EXERCISE => After going through the data, give the number of lines that contain the word "obtains" as your sole answer.

----------

(* Let $N=(S,T,F,M_0,\ell)$ be a structural conflict net. If there are $\sigma\in\mathrm{Act}^*$ and $a,b,c\in\mathrm{Act}$ with $a\ne c$ such that $\langle\sigma,\{\{a,c\}\}\rangle\notin\mathcal F(N)$, $\langle\sigma,\{\{b\}\}\rangle\notin\mathcal F(N)$ and $\langle\sigma,\{\{a,b\},\{b,c\}\}\rangle\in\mathcal F(N)$, then $N$ has a fully reachable pure $\mathsf M$.
   Context: Fix visible actions $\mathrm{Act}$ and $\tau\notin\mathrm{Act}$. A Petri net has disjoint $S,T$, $F:(S\times T)\cup(T\times S)\to\mathbb N$, $M_0\in\mathbb N^S$, $\ell:T\to\mathrm{Act}\cup\{\tau\}$. ${}^\bullet x(y)=F(y,x)$, $x^\bullet(y)=F(x,y)$, extended additively; multiset $\le,\cap,\cup$ pointwise $\le$, min, max. For finite nonempty multiset $G$ of transitions, $M[G\rangle M'$ iff ${}^\bullet G\le M$ and $M'=M-{}^\bullet G+G^\bullet$; reachable markings as usual; $t\smile u$ iff $M[\{t\}+\{u\}\rangle$ for some reachable $M$. Structural conflict net: $t\smile u\Rightarrow{}^\bullet t\cap{}^\bullet u=\emptyset$. Fully reachable pure $\mathsf M$: $t,u,v\in T$ with ${}^\bullet t\cap{}^\bullet u\ne\emptyset$, ${}^\bullet u\cap{}^\bullet v\ne\emptyset$, ${}^\bullet t\cap{}^\bullet v=\emptyset$ and a reachable $M$ with ${}^\bullet t\cup{}^\bullet u\cup{}^\bullet v\le M$. $M\xrightarrow{\alpha}M'$ iff $M[t\rangle M'$ with $\ell(t)=\alpha$; $\Rightarrow$ reflexive transitive closure of $\xrightarrow{\tau}$; $M\overset{a_1\cdots a_n}{\Longrightarrow}M'$ iff $M\Rightarrow\xrightarrow{a_1}\Rightarrow\cdots\xrightarrow{a_n}\Rightarrow M'$. For a step $A$ (finite nonempty multiset over $\mathrm{Act}$), $M\xrightarrow{A}$ iff $M[G\rangle$ for a finite multiset $G$ of transitions, none labelled $\tau$, with label multiset $A$. $\mathcal F(N)$ consists of all $\langle\sigma,X\rangle$, $\sigma\in\mathrm{Act}^*$, $X$ a finite set of steps, such that some $M$ has $M_0\overset{\sigma}{\Longrightarrow}M$, $M\not\xrightarrow{\tau}$ and $M\not\xrightarrow{A}$ for all $A\in X$. *)

theory Defs
  imports Main "HOL-Library.Multiset"
begin

text \<open>Places have type 's, transitions type 't (so S and T are
disjoint), visible actions type 'a; the label None plays the role of the invisible
action tau. The flow relation F is split into pre (place to transition) and
post (transition to place).\<close>

record ('s, 't, 'a) pnet =
  places :: "'s set"
  trans  :: "'t set"
  pre    :: "'s \<Rightarrow> 't \<Rightarrow> nat"
  post   :: "'t \<Rightarrow> 's \<Rightarrow> nat"
  init   :: "'s \<Rightarrow> nat"
  lab    :: "'t \<Rightarrow> 'a option"

definition petri_net :: "('s, 't, 'a) pnet \<Rightarrow> bool" where
  "petri_net N \<longleftrightarrow>
     (\<forall>s t. pre N s t \<noteq> 0 \<longrightarrow> s \<in> places N \<and> t \<in> trans N) \<and>
     (\<forall>t s. post N t s \<noteq> 0 \<longrightarrow> s \<in> places N \<and> t \<in> trans N) \<and>
     (\<forall>s. init N s \<noteq> 0 \<longrightarrow> s \<in> places N)"

definition preset :: "('s, 't, 'a) pnet \<Rightarrow> 't \<Rightarrow> 's \<Rightarrow> nat" where
  "preset N t = (\<lambda>s. pre N s t)"

definition preset_ms :: "('s, 't, 'a) pnet \<Rightarrow> 't multiset \<Rightarrow> 's \<Rightarrow> nat" where
  "preset_ms N G = (\<lambda>s. \<Sum>\<^sub># (image_mset (\<lambda>t. pre N s t) G))"

definition postset_ms :: "('s, 't, 'a) pnet \<Rightarrow> 't multiset \<Rightarrow> 's \<Rightarrow> nat" where
  "postset_ms N G = (\<lambda>s. \<Sum>\<^sub># (image_mset (\<lambda>t. post N t s) G))"

definition fires :: "('s, 't, 'a) pnet \<Rightarrow> ('s \<Rightarrow> nat) \<Rightarrow> 't multiset \<Rightarrow> ('s \<Rightarrow> nat) \<Rightarrow> bool" where
  "fires N M G M' \<longleftrightarrow> G \<noteq> {#} \<and> set_mset G \<subseteq> trans N \<and>
     preset_ms N G \<le> M \<and> M' = (\<lambda>s. M s - preset_ms N G s + postset_ms N G s)"

inductive reachable :: "('s, 't, 'a) pnet \<Rightarrow> ('s \<Rightarrow> nat) \<Rightarrow> bool" for N where
  init: "reachable N (init N)"
| step: "reachable N M \<Longrightarrow> fires N M {#t#} M' \<Longrightarrow> reachable N M'"

definition concurrent :: "('s, 't, 'a) pnet \<Rightarrow> 't \<Rightarrow> 't \<Rightarrow> bool" where
  "concurrent N t u \<longleftrightarrow> (\<exists>M M'. reachable N M \<and> fires N M ({#t#} + {#u#}) M')"

definition structural_conflict_net :: "('s, 't, 'a) pnet \<Rightarrow> bool" where
  "structural_conflict_net N \<longleftrightarrow> petri_net N \<and>
     (\<forall>t u. concurrent N t u \<longrightarrow> inf (preset N t) (preset N u) = (\<lambda>_. 0))"

definition fully_reachable_pure_M :: "('s, 't, 'a) pnet \<Rightarrow> bool" where
  "fully_reachable_pure_M N \<longleftrightarrow>
     (\<exists>t\<in>trans N. \<exists>u\<in>trans N. \<exists>v\<in>trans N.
        inf (preset N t) (preset N u) \<noteq> (\<lambda>_. 0) \<and>
        inf (preset N u) (preset N v) \<noteq> (\<lambda>_. 0) \<and>
        inf (preset N t) (preset N v) = (\<lambda>_. 0) \<and>
        (\<exists>M. reachable N M \<and> sup (sup (preset N t) (preset N u)) (preset N v) \<le> M))"

definition ltrans :: "('s, 't, 'a) pnet \<Rightarrow> ('s \<Rightarrow> nat) \<Rightarrow> 'a option \<Rightarrow> ('s \<Rightarrow> nat) \<Rightarrow> bool" where
  "ltrans N M \<alpha> M' \<longleftrightarrow> (\<exists>t. fires N M {#t#} M' \<and> lab N t = \<alpha>)"

definition tau_steps :: "('s, 't, 'a) pnet \<Rightarrow> ('s \<Rightarrow> nat) \<Rightarrow> ('s \<Rightarrow> nat) \<Rightarrow> bool" where
  "tau_steps N = (\<lambda>M M'. ltrans N M None M')\<^sup>*\<^sup>*"

fun weak :: "('s, 't, 'a) pnet \<Rightarrow> ('s \<Rightarrow> nat) \<Rightarrow> 'a list \<Rightarrow> ('s \<Rightarrow> nat) \<Rightarrow> bool" where
  "weak N M [] M' \<longleftrightarrow> tau_steps N M M'"
| "weak N M (a # \<sigma>) M' \<longleftrightarrow>
     (\<exists>M1 M2. tau_steps N M M1 \<and> ltrans N M1 (Some a) M2 \<and> weak N M2 \<sigma> M')"

definition step_enabled :: "('s, 't, 'a) pnet \<Rightarrow> ('s \<Rightarrow> nat) \<Rightarrow> 'a multiset \<Rightarrow> bool" where
  "step_enabled N M A \<longleftrightarrow>
     (\<exists>G M'. fires N M G M' \<and> image_mset (lab N) G = image_mset Some A)"

definition failures :: "('s, 't, 'a) pnet \<Rightarrow> ('a list \<times> 'a multiset set) set" where
  "failures N = {(\<sigma>, X). finite X \<and> (\<forall>A\<in>X. A \<noteq> {#}) \<and>
     (\<exists>M. weak N (init N) \<sigma> M \<and> \<not> (\<exists>M'. ltrans N M None M') \<and>
          (\<forall>A\<in>X. \<not> step_enabled N M A))}"

end

theory Submission
  imports Defs
begin

text \<open>Take the stable marking M reached after \<sigma> that refuses both {a,b} and {b,c}.
Since {a,c} is not refused, M enables a step of two transitions t and v labelled a and c;
they are then concurrent, so in a structural conflict net their presets are disjoint.
Since {b} is not refused, a transition u labelled b is enabled at M. If the presets of
t and u were disjoint, t and u could fire together at M, contradicting the refusal of {a,b};
symmetrically for u and v and the refusal of {b,c}. Thus t, u, v form an M, and all three
presets fit into the reachable marking M.\<close>

lemma reachable_tau_steps: "tau_steps N M M' \<Longrightarrow> reachable N M \<Longrightarrow> reachable N M'"
  unfolding tau_steps_def
  by (induction rule: rtranclp_induct) (auto simp: ltrans_def intro: reachable.step)

lemma reachable_weak: "weak N M \<sigma> M' \<Longrightarrow> reachable N M \<Longrightarrow> reachable N M'"
proof (induction \<sigma> arbitrary: M)
  case Nil
  then show ?case by (auto intro: reachable_tau_steps)
next
  case (Cons a \<sigma>)
  then obtain M1 M2 where "tau_steps N M M1" "ltrans N M1 (Some a) M2" "weak N M2 \<sigma> M'"
    by auto
  with Cons.prems(2) have "reachable N M2"
    by (auto simp: ltrans_def intro: reachable.step reachable_tau_steps)
  with \<open>weak N M2 \<sigma> M'\<close> show ?case by (rule Cons.IH)
qed

lemma image_mset_eq_singletonD:
  assumes "image_mset f G = {#x#}"
  obtains t where "G = {#t#}" "f t = x"
  using assms by (auto dest!: msed_map_invR)

lemma image_mset_eq_pairD:
  assumes "image_mset f G = {#x, y#}"
  obtains t u where "G = {#t, u#}" "f t = x" "f u = y"
  using assms by (auto dest!: msed_map_invR)

lemma ex_fires_singleton_iff:
  "(\<exists>M'. fires N M {#t#} M') \<longleftrightarrow> t \<in> trans N \<and> preset N t \<le> M"
  by (auto simp: fires_def preset_ms_def preset_def le_fun_def)

lemma ex_fires_pair_iff:
  "(\<exists>M'. fires N M {#t, u#} M') \<longleftrightarrow>
     t \<in> trans N \<and> u \<in> trans N \<and> (\<forall>s. pre N s t + pre N s u \<le> M s)"
  unfolding fires_def preset_ms_def le_fun_def by auto

lemma step_enabled_singleton_iff:
  "step_enabled N M {#b#} \<longleftrightarrow> (\<exists>u\<in>trans N. lab N u = Some b \<and> preset N u \<le> M)"
proof
  assume "step_enabled N M {#b#}"
  then obtain G M' where fires: "fires N M G M'" and labels: "image_mset (lab N) G = {#Some b#}"
    by (auto simp: step_enabled_def)
  from labels obtain u where "G = {#u#}" "lab N u = Some b"
    by (rule image_mset_eq_singletonD)
  moreover from fires \<open>G = {#u#}\<close> have "u \<in> trans N \<and> preset N u \<le> M"
    by (auto simp flip: ex_fires_singleton_iff)
  ultimately show "\<exists>u\<in>trans N. lab N u = Some b \<and> preset N u \<le> M"
    by blast
next
  assume "\<exists>u\<in>trans N. lab N u = Some b \<and> preset N u \<le> M"
  then obtain u where u: "u \<in> trans N" "lab N u = Some b" "preset N u \<le> M"
    by blast
  then have "\<exists>M'. fires N M {#u#} M'"
    by (simp add: ex_fires_singleton_iff)
  then obtain M' where "fires N M {#u#} M'" ..
  with u show "step_enabled N M {#b#}"
    unfolding step_enabled_def by (intro exI[of _ "{#u#}"] exI[of _ M']) simp
qed

lemma step_enabled_pair_iff:
  "step_enabled N M {#a, b#} \<longleftrightarrow>
     (\<exists>t\<in>trans N. \<exists>u\<in>trans N. lab N t = Some a \<and> lab N u = Some b \<and>
        (\<forall>s. pre N s t + pre N s u \<le> M s))"
proof
  assume "step_enabled N M {#a, b#}"
  then obtain G M' where fires: "fires N M G M'" and labels: "image_mset (lab N) G = {#Some a, Some b#}"
    by (auto simp: step_enabled_def)
  from labels obtain t u where "G = {#t, u#}" "lab N t = Some a" "lab N u = Some b"
    by (rule image_mset_eq_pairD)
  moreover from fires \<open>G = {#t, u#}\<close>
  have "t \<in> trans N \<and> u \<in> trans N \<and> (\<forall>s. pre N s t + pre N s u \<le> M s)"
    by (auto simp flip: ex_fires_pair_iff)
  ultimately show "\<exists>t\<in>trans N. \<exists>u\<in>trans N. lab N t = Some a \<and> lab N u = Some b \<and>
                     (\<forall>s. pre N s t + pre N s u \<le> M s)"
    by blast
next
  assume "\<exists>t\<in>trans N. \<exists>u\<in>trans N. lab N t = Some a \<and> lab N u = Some b \<and>
            (\<forall>s. pre N s t + pre N s u \<le> M s)"
  then obtain t u where tu: "t \<in> trans N" "u \<in> trans N" "lab N t = Some a" "lab N u = Some b"
      "\<forall>s. pre N s t + pre N s u \<le> M s"
    by blast
  then have "\<exists>M'. fires N M {#t, u#} M'"
    by (simp add: ex_fires_pair_iff)
  then obtain M' where "fires N M {#t, u#} M'" ..
  with tu show "step_enabled N M {#a, b#}"
    unfolding step_enabled_def by (intro exI[of _ "{#t, u#}"] exI[of _ M']) simp
qed

lemma sum_pre_le_if_presets_disjoint:
  assumes "inf (preset N t) (preset N u) = (\<lambda>_. 0)" "preset N t \<le> M" "preset N u \<le> M"
  shows "pre N s t + pre N s u \<le> M s"
proof -
  have "min (pre N s t) (pre N s u) = 0"
    using fun_cong[OF assms(1), of s] by (simp add: preset_def inf_fun_def inf_nat_def)
  moreover have "pre N s t \<le> M s" "pre N s u \<le> M s"
    using assms(2,3) by (auto simp: preset_def le_fun_def)
  ultimately show ?thesis by linarith
qed

lemma presets_overlap_if_pair_refused:
  assumes "\<not> step_enabled N M {#a, b#}"
    and "t \<in> trans N" "lab N t = Some a" "preset N t \<le> M"
    and "u \<in> trans N" "lab N u = Some b" "preset N u \<le> M"
  shows "inf (preset N t) (preset N u) \<noteq> (\<lambda>_. 0)"
proof
  assume "inf (preset N t) (preset N u) = (\<lambda>_. 0)"
  then have "\<forall>s. pre N s t + pre N s u \<le> M s"
    using sum_pre_le_if_presets_disjoint assms(4,7) by fast
  with assms(2,3,5,6) have "step_enabled N M {#a, b#}"
    unfolding step_enabled_pair_iff by blast
  with assms(1) show False ..
qed

lemma presets_disjoint_if_concurrent:
  assumes "structural_conflict_net N" "reachable N M"
    and "t \<in> trans N" "u \<in> trans N" "\<forall>s. pre N s t + pre N s u \<le> M s"
  shows "inf (preset N t) (preset N u) = (\<lambda>_. 0)"
proof -
  have "\<exists>M'. fires N M {#t, u#} M'"
    using assms(3-5) by (simp add: ex_fires_pair_iff)
  then obtain M' where "fires N M {#t, u#} M'" ..
  with assms(2) have "concurrent N t u"
    by (auto simp: concurrent_def add_mset_commute)
  with assms(1) show ?thesis
    by (auto simp: structural_conflict_net_def)
qed

lemma failuresD:
  assumes "(\<sigma>, X) \<in> failures N"
  obtains M where "weak N (init N) \<sigma> M" "\<not> (\<exists>M'. ltrans N M None M')"
    "\<And>A. A \<in> X \<Longrightarrow> \<not> step_enabled N M A"
  using assms by (auto simp: failures_def)

lemma step_enabled_if_not_refused:
  assumes "(\<sigma>, {A}) \<notin> failures N" "A \<noteq> {#}"
    and "weak N (init N) \<sigma> M" "\<not> (\<exists>M'. ltrans N M None M')"
  shows "step_enabled N M A"
  using assms by (auto simp: failures_def)

theorem lemma5p5:
  fixes N :: "('s, 't, 'a) pnet" and \<sigma> :: "'a list" and a b c :: 'a
  assumes "structural_conflict_net N"
    and "a \<noteq> c"
    and "(\<sigma>, {{#a, c#}}) \<notin> failures N"
    and "(\<sigma>, {{#b#}}) \<notin> failures N"
    and "(\<sigma>, {{#a, b#}, {#b, c#}}) \<in> failures N"
  shows "fully_reachable_pure_M N"
proof -
  obtain M where after: "weak N (init N) \<sigma> M" and stable: "\<not> (\<exists>M'. ltrans N M None M')"
    and no_ab: "\<not> step_enabled N M {#a, b#}" and no_bc: "\<not> step_enabled N M {#b, c#}"
    using assms(5) by (rule failuresD) auto
  have reach: "reachable N M"
    using after reachable.init by (rule reachable_weak)
  have "step_enabled N M {#a, c#}"
    using assms(3) by (rule step_enabled_if_not_refused) (use after stable in auto)
  then obtain t v where t: "t \<in> trans N" "lab N t = Some a" and v: "v \<in> trans N" "lab N v = Some c"
    and tv_le: "\<forall>s. pre N s t + pre N s v \<le> M s"
    unfolding step_enabled_pair_iff by blast
  have "step_enabled N M {#b#}"
    using assms(4) by (rule step_enabled_if_not_refused) (use after stable in auto)
  then obtain u where u: "u \<in> trans N" "lab N u = Some b" "preset N u \<le> M"
    unfolding step_enabled_singleton_iff by blast
  have t_le: "preset N t \<le> M" and v_le: "preset N v \<le> M"
    using tv_le unfolding preset_def le_fun_def by (meson add_leD1 add_leD2)+
  have "inf (preset N t) (preset N v) = (\<lambda>_. 0)"
    using assms(1) reach t(1) v(1) tv_le by (rule presets_disjoint_if_concurrent)
  moreover have "inf (preset N t) (preset N u) \<noteq> (\<lambda>_. 0)"
    using no_ab t t_le u by (rule presets_overlap_if_pair_refused)
  moreover have "inf (preset N u) (preset N v) \<noteq> (\<lambda>_. 0)"
    using no_bc u v v_le by (rule presets_overlap_if_pair_refused)
  moreover have "sup (sup (preset N t) (preset N u)) (preset N v) \<le> M"
    using t_le u(3) v_le by simp
  ultimately show ?thesis
    unfolding fully_reachable_pure_M_def using t(1) u(1) v(1) reach by blast
qed

end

----------

ANSWER AREA => 3